Pi Calculating Programs

Quick links: none at the moment — see below for some code snippets!

For a long time, one of my side interests has been writing computer programs to calculate the value of the mathematical constant $\pi$. In middle school, I wrote Java implementations of the well-known Chudnovsky algorithm to calculate lots of digits of $\pi$:

\[\frac{1}{\pi} = 12 \sum^\infty_{q=0} \frac{(-1)^q (6q)! (545140134q + 13591409)}{(3q)! (q!)^3 (640320)^{3q+\frac{3}{2}}}\]

and of my favorite such algorithm, Gauss-Legendre:

\[\begin{align} a_0 &= 1 & a_{n+1} &= \frac{a_n+b_n}{2}\\ b_0 &= \frac{1}{\sqrt{2}} & b_{n+1} &= \sqrt{a_n b_n}\\ t_0 &= \frac{1}{4} & t_{n+1} &= t_n-p_n(a_n-a_{n+1})^2\\ p_0 &= 1 & p_{n+1} &= 2p_n\\ & & \pi_{n+1} &= \frac{(a_{n+1}+b_{n+1})^2}{4t_{n+1}}\text{.} \end{align}\]

Later, I became interested in goals more exotic than calculating as many digits as possible. The Monte Carlo method imagines a circle inscribed in a square; it has one generate random points within the square and test using the distance formula whether they fall within the circle. From this, the ratio of the area of the circle to the area of the square can be approximated, and anyone who understands the formula for the area of a circle can do a little algebra to calculate $\pi$ from that. Thus, while nowhere near as efficient as the above formulas, the Monte Carlo method is much more explainable, a virtue in its own right. While experimenting with a Java implementation of this algorithm, I took on the secondary goal of making my code as short as possible — an objective known as “code golf” — and ended up with this:

for(long t=0,n=0,y=1;;n-=y*y+(y=(int)(t*y+n>>7))*y>>62)System.out.println(n++*4d/t++);

It may look nothing like an implementation of the Monte Carlo method to calculate $\pi$, but it is one (see the video at the top of the page). Every step taken from the description of the method to this code can be fully explained to someone without a deep math or programming background (hints: the t*y+n>>7 part functions as a custom pseudorandom number generator and the >>62 uses long integer overflow to test whether the point is in the circle).

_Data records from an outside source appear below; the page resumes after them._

lemma frob_diff_diag_mat_sandwich_nonneg:
  fixes U V W Z :: "real^'n^'n" and x y a b :: "real^'n"
  assumes oU: "orthogonal_matrix U" and oV: "orthogonal_matrix V"
    and oW: "orthogonal_matrix W" and oZ: "orthogonal_matrix Z"
    and nonneg: "\<And>i. 0 \<le> x$i" "\<And>i. 0 \<le> y$i" "\<And>i. 0 \<le> a$i" "\<And>i. 0 \<le> b$i"
    and similarly_ordered: "\<And>i j. 0 \<le> (x$i - y$j) * (a$i - b$j)"
  shows "0 \<le> frob (U ** diag_mat x ** transpose V - W ** diag_mat y ** transpose Z)
                   (U ** diag_mat a ** transpose V - W ** diag_mat b ** transpose Z)"
proof -
  define P where "P = transpose U ** W"
  define Q where "Q = transpose V ** Z"
  define m where "m i j = ((P$i$j)\<^sup>2 + (Q$i$j)\<^sup>2) / 2" for i j
  have oP: "orthogonal_matrix P" and oQ: "orthogonal_matrix Q"
    using oU oV oW oZ by (simp_all add: P_def Q_def orthogonal_matrix_mul)
  have m_row: "(\<Sum>j\<in>UNIV. m i j) = 1" for i
    using orthogonal_matrix_row_sum_squares[OF oP] orthogonal_matrix_row_sum_squares[OF oQ]
    by (simp add: m_def sum.distrib flip: sum_divide_distrib)
  have m_col: "(\<Sum>i\<in>UNIV. m i j) = 1" for j
    using orthogonal_matrix_column_sum_squares[OF oP] orthogonal_matrix_column_sum_squares[OF oQ]
    by (simp add: m_def sum.distrib flip: sum_divide_distrib)
  let ?X = "U ** diag_mat x ** transpose V" and ?Y = "W ** diag_mat y ** transpose Z"
  let ?A = "U ** diag_mat a ** transpose V" and ?B = "W ** diag_mat b ** transpose Z"
  have XA: "frob ?X ?A = (\<Sum>i\<in>UNIV. \<Sum>j\<in>UNIV. x$i * a$i * m i j)"
    by (simp add: frob_diag_mat_sandwich_same[OF oU oV] m_row flip: sum_distrib_left)
  have YB: "frob ?Y ?B = (\<Sum>i\<in>UNIV. \<Sum>j\<in>UNIV. y$j * b$j * m i j)"
    by (subst sum.swap) (simp add: frob_diag_mat_sandwich_same[OF oW oZ] m_col flip: sum_distrib_left)
  have XB: "frob ?X ?B = (\<Sum>i\<in>UNIV. \<Sum>j\<in>UNIV. x$i * b$j * (P$i$j * Q$i$j))"
    by (simp add: frob_diag_mat_sandwich P_def Q_def mult.assoc)
  have YA: "frob ?Y ?A = (\<Sum>i\<in>UNIV. \<Sum>j\<in>UNIV. a$i * y$j * (P$i$j * Q$i$j))"
  proof -
    have "(transpose W ** U) $ j $ i = P$i$j" "(transpose Z ** V) $ j $ i = Q$i$j" for i j
      by (simp_all add: P_def Q_def matrix_matrix_mult_def transpose_def mult.commute)
    then show ?thesis by (subst sum.swap) (simp add: frob_diag_mat_sandwich mult_ac)
  qed
  have "frob (?X - ?Y) (?A - ?B) = frob ?X ?A + frob ?Y ?B - frob ?X ?B - frob ?Y ?A"
    by (simp add: frob_diff_left frob_diff_right)
  also have "\<dots> = (\<Sum>i\<in>UNIV. \<Sum>j\<in>UNIV. (x$i * a$i + y$j * b$j) * m i j
                                       - (x$i * b$j + a$i * y$j) * (P$i$j * Q$i$j))"
    unfolding XA YB XB YA by (simp add: sum.distrib sum_subtractf algebra_simps)
  also have "\<dots> \<ge> 0"
    unfolding m_def using nonneg similarly_ordered
    by (intro sum_nonneg) (simp only: diff_ge_0_iff_ge mixed_product_le_mean_square)
  finally show ?thesis .
qed

section \<open>Spectral theorem for symmetric matrices\<close>

lemma linear_coeff_eq_0_if_quadratic_nonneg:
  fixes a b :: real
  assumes "\<And>t. 0 \<le> t * a + t\<^sup>2 * b"
  shows "a = 0"
proof -
  define c where "c = \<bar>b\<bar> + 1"
  have c: "c > 0" "b < c" by (auto simp: c_def)
  have "0 \<le> (- a / c) * a + (- a / c)\<^sup>2 * b" by (rule assms)
  also have "\<dots> = a\<^sup>2 * (b - c) / c\<^sup>2"
    using c by (simp add: field_simps power2_eq_square)
  finally have "0 \<le> a\<^sup>2 * (b - c)" using c by (simp add: divide_nonneg_pos zero_le_divide_iff)
  moreover have "a\<^sup>2 * (b - c) \<le> 0" using c by (intro mult_nonneg_nonpos) auto
  ultimately show ?thesis using c by simp
qed

lemma inner_matrix_vector_symmetric:
  fixes M :: "real^'n^'n"
  assumes "transpose M = M"
  shows "x \<bullet> (M *v y) = (M *v x) \<bullet> y"
  by (metis assms dot_lmul_matrix vector_transpose_matrix)

lemma symmetric_matrix_eigenvector_in_invariant_subspace:
  fixes M :: "real^'n^'n"
  assumes sym: "transpose M = M" and S: "subspace S" "S \<noteq> {0}"
    and inv: "\<And>x. x \<in> S \<Longrightarrow> M *v x \<in> S"
  obtains u l where "u \<in> S" "norm u = 1" "M *v u = l *\<^sub>R u"
proof -
  let ?q = "\<lambda>x. x \<bullet> (M *v x)"
  let ?K = "S \<inter> sphere 0 1"
  obtain x0 where "x0 \<in> S" "x0 \<noteq> 0" using S subspace_0 by blast
  then have "x0 /\<^sub>R norm x0 \<in> ?K" using S by (auto simp: subspace_scale)
  moreover have "compact ?K" using S by (intro closed_Int_compact closed_subspace) auto
  moreover have "continuous_on ?K ?q" by (intro continuous_intros)
  ultimately obtain u where u: "u \<in> ?K" and umax: "\<And>y. y \<in> ?K \<Longrightarrow> ?q y \<le> ?q u"
    using continuous_attains_sup[of ?K ?q] by blast
  define l where "l = ?q u"
  have uS: "u \<in> S" and uu: "u \<bullet> u = 1" using u by (auto simp: norm_eq_1)
  text \<open>The form \<open>l (y \<bullet> y) - ?q y\<close> is positive semidefinite on \<open>S\<close> and vanishes at \<open>u\<close>,
    so its polarisation at \<open>u\<close> vanishes on \<open>S\<close>; at \<open>y = M u - l u\<close> it equals \<open>-(y \<bullet> y)\<close>.\<close>
  have psd: "0 \<le> l * (y \<bullet> y) - ?q y" if "y \<in> S" for y
  proof (cases "y = 0")
    case False
    have "y /\<^sub>R norm y \<in> ?K" using that S False by (auto simp: subspace_scale)
    then have "?q (y /\<^sub>R norm y) \<le> l" using umax l_def by blast
    then have "?q y / (norm y)\<^sup>2 \<le> l"
      by (simp add: matrix_vector_mult_scaleR power2_eq_square divide_inverse mult_ac)
    then show ?thesis using False by (simp add: divide_le_eq power2_norm_eq_inner)
  qed simp
  define w where "w = M *v u - l *\<^sub>R u"
  have wS: "w \<in> S" unfolding w_def using inv uS S by (simp add: subspace_diff subspace_scale)
  have "0 \<le> t * (- 2 * (w \<bullet> w)) + t\<^sup>2 * (l * (w \<bullet> w) - ?q w)" for t
  proof -
    have "0 \<le> l * ((u + t *\<^sub>R w) \<bullet> (u + t *\<^sub>R w)) - ?q (u + t *\<^sub>R w)"
      using psd S uS wS by (simp add: subspace_add subspace_scale)
    also have "\<dots> = t * (- 2 * (w \<bullet> w)) + t\<^sup>2 * (l * (w \<bullet> w) - ?q w)"
      using uu inner_matrix_vector_symmetric[OF sym, of u w]
      by (simp add: w_def l_def power2_eq_square inner_commute algebra_simps)
    finally show ?thesis .
  qed
  then have "w \<bullet> w = 0" using linear_coeff_eq_0_if_quadratic_nonneg by fastforce
  then have "M *v u = l *\<^sub>R u" by (simp add: w_def)
  with uS u show thesis using that by auto
qed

I was interested in how fast I could make this algorithm run, and in learning to write code in assembly, so I rewrote it in C and then directly in x86_64. My assembly version (blog post, GitHub repo), a fairly direct translation, performs better than GCC’s most optimized version, and I’m not quite sure why.

Keeping the code golf goal but switching back to digits over explainability, I manipulated a neat little formula of Simon Plouffe’s:

\[\pi+3 = \sum^\infty_{n=1} \frac{2^n (n!)^2 n}{(2n)!}\]

to produce this, in Python:

b=i=j=k=1;a=-3
while 1:
 j*=i;k*=2*i-1;s=a*k+i*j*b;t=b*k;i+=1
 if a/b==s/t:print(s//t,end='',flush=1);j*=10;s=s%t*10
 while b:a,b=b,a%b
 b=t//a;a=s//a

which takes advantage of the fact that Python integers can get arbitrarily large to endlessly produce digits of $\pi$ as they become available (see the video at the top of the page). In fact, the last two lines merely reduce the giant fraction at the heart of the expression to speed up the computation; the algorithm still works without them:

t=i=j=k=1;s=-3
while 1:
 d=s/t;j*=i;k*=2*i-1;s=s*k+i*j*t;t*=k;i+=1
 if d==s/t:print(s//t,end='',flush=1);j*=10;s=s%t*10

In the future, I hope to produce more thorough explanations of how these algorithms work and to experiment more with so-called “digit extraction algorithms” that let one calculate a particular digit of $\pi$ without calculating all the digits before it.